* What the exercise asks *
An exact transcription of the lines below, from the first through the one containing "define R where", is the only output wanted.

(Stored dataset items)
========================

lemma cellular_automaton_locally_determined:
  assumes "cellular_automaton F"
  shows "locally_determined F"
  unfolding locally_determined_def
proof
  fix m
  obtain ns f where F: "\<And>c i. F c i = f (map (\<lambda>n. c (i + n)) ns)"
    using assms unfolding cellular_automaton_def by blast
  define R where "R = m + sum_list (map (\<lambda>n. nat \<bar>n\<bar>) ns)"
  have offset_le: "\<bar>n\<bar> \<le> int R - int m" if "n \<in> set ns" for n
    using member_le_sum_list[of "nat \<bar>n\<bar>" "map (\<lambda>n. nat \<bar>n\<bar>) ns"] that
    unfolding R_def by auto
  show "\<exists>R. \<forall>c d. agree_on_window R c d \<longrightarrow> agree_on_window m (F c) (F d)"
  proof (intro exI[of _ R] allI impI)
    fix c d :: "'a config"
    assume agree: "agree_on_window R c d"
    have "F c i = F d i" if "\<bar>i\<bar> \<le> int m" for i
      unfolding F
    proof (rule arg_cong[where f = f], rule map_cong[OF refl])
      fix n
      assume "n \<in> set ns"
      then have "\<bar>i + n\<bar> \<le> int R"
        using offset_le that by fastforce
      then show "c (i + n) = d (i + n)"
        using agree by (simp add: agree_on_window_def)
    qed
    then show "agree_on_window m (F c) (F d)"
      by (simp add: agree_on_window_def)
  qed
qed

========================

* Problem solution *
lemma cellular_automaton_locally_determined:
  assumes "cellular_automaton F"
  shows "locally_determined F"
  unfolding locally_determined_def
proof
  fix m
  obtain ns f where F: "\<And>c i. F c i = f (map (\<lambda>n. c (i + n)) ns)"
    using assms unfolding cellular_automaton_def by blast
  define R where "R = m + sum_list (map (\<lambda>n. nat \<bar>n\<bar>) ns)"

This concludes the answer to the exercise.